The B0 field inhomogeneity maps can be obtained quickly by the GRE-based field-mapping and the WASSR methods [22]. Based on these, we proposed two 3D volumetric APT imaging schemes (GRE B0-corrected 3D APT and WASSR-corrected 3D APT) that can be used in any standard clinical 3-T setting. Notably, the APT imaging scan time is only about 5 min. Such fast volumetric APT imaging techniques should be particularly useful in the clinic. In this work, we paid more attention to the feasibility analysis of these fast 3D schemes. In the phantom and normal volunteer studies, we found that the measured MTRasym(3.5 ppm) value for each slice using the 3D APT acquisitions was comparable to the value for the corresponding slice using the single-slice APT acquisition. Moreover, these values do not vary across the slices obviously. The results demonstrated that both 3D APT experimental schemes can offer experimental results similar to those of the single-slice APT scheme. In addition, both 3D APT schemes can remove most artifacts caused by the B0 inhomogeneity, just as the single-slice APT did. Quantitatively, the MTRasym(3.5 ppm) values in several regions were compared for the three experimental methods (Table 2). The results show that these three B0 correction methods gave comparable MTRasym(3.5 ppm) results.

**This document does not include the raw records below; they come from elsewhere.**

lemma indexed_coordsD:
  assumes "indexed_basis F L I b" "v \<in> L"
  shows "\<And>i. i \<in> I \<Longrightarrow> indexed_coords F I b v i \<in> F"
    and "\<And>i. i \<notin> I \<Longrightarrow> indexed_coords F I b v i = 0"
    and "v = (\<Sum>i\<in>I. indexed_coords F I b v i * b i)"
proof -
  let ?P = "\<lambda>c. (\<forall>i\<in>I. c i \<in> F) \<and> (\<forall>i. i \<notin> I \<longrightarrow> c i = 0) \<and> v = (\<Sum>i\<in>I. c i * b i)"
  have "\<exists>!c. ?P c" using assms unfolding indexed_basis_def by blast
  then have "?P (indexed_coords F I b v)" unfolding indexed_coords_def by (rule theI')
  then show "\<And>i. i \<in> I \<Longrightarrow> indexed_coords F I b v i \<in> F"
    and "\<And>i. i \<notin> I \<Longrightarrow> indexed_coords F I b v i = 0"
    and "v = (\<Sum>i\<in>I. indexed_coords F I b v i * b i)" by auto
qed

lemma indexed_coords_unique:
  assumes "indexed_basis F L I b" "v \<in> L" "\<And>i. i \<in> I \<Longrightarrow> c i \<in> F" "\<And>i. i \<notin> I \<Longrightarrow> c i = 0"
    and "v = (\<Sum>i\<in>I. c i * b i)"
  shows "indexed_coords F I b v = c"
proof -
  let ?P = "\<lambda>c. (\<forall>i\<in>I. c i \<in> F) \<and> (\<forall>i. i \<notin> I \<longrightarrow> c i = 0) \<and> v = (\<Sum>i\<in>I. c i * b i)"
  have "\<exists>!c. ?P c" using assms unfolding indexed_basis_def by blast
  moreover have "?P c" using assms by auto
  ultimately show ?thesis unfolding indexed_coords_def using the1_equality[of ?P c] by blast
qed

lemma indexed_coords_eqI:
  assumes "indexed_basis F L I b" "v \<in> L" "\<And>i. i \<in> I \<Longrightarrow> c i \<in> F"
    and "v = (\<Sum>i\<in>I. c i * b i)" "i \<in> I"
  shows "indexed_coords F I b v i = c i"
proof -
  have "indexed_coords F I b v = (\<lambda>i. if i \<in> I then c i else 0)"
    by (rule indexed_coords_unique[OF assms(1,2)]) (use assms in auto)
  then show ?thesis using assms(5) by simp
qed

Our 3D APT acquisition schemes can provide good clinical experimental results for brain tumors and do not require any special hardware or software but can offer more information about lesions. Just as with our previous single-slice-based experimental results [1214], the addition of 3D APT imaging to the standard MRI protocol may help distinguish the heterogeneity of a malignant brain tumor, and these capabilities of APT imaging may be very important in the diagnosis and treatment planning for patients with brain tumors.

Conclusions

We have developed and validated a 3D APT imaging experimental scheme, at 3-T, that uses a standard, commercial eight-channel SENSE coil for reception. The technique uses the GRE field-mapping method or the WASSR method to obtain B0-corrected 3D volumetric APT images in about 5 min. Our experimental results showed that this 3D APT sequence with the TSE acquisition can provide good image quality and enough volume coverage for clinical applications, such as for the imaging of brain tumors. The early results suggest that 3D APT may be a valuable addition to the MRI armamentarium for the accurate characterization of human brain tumors.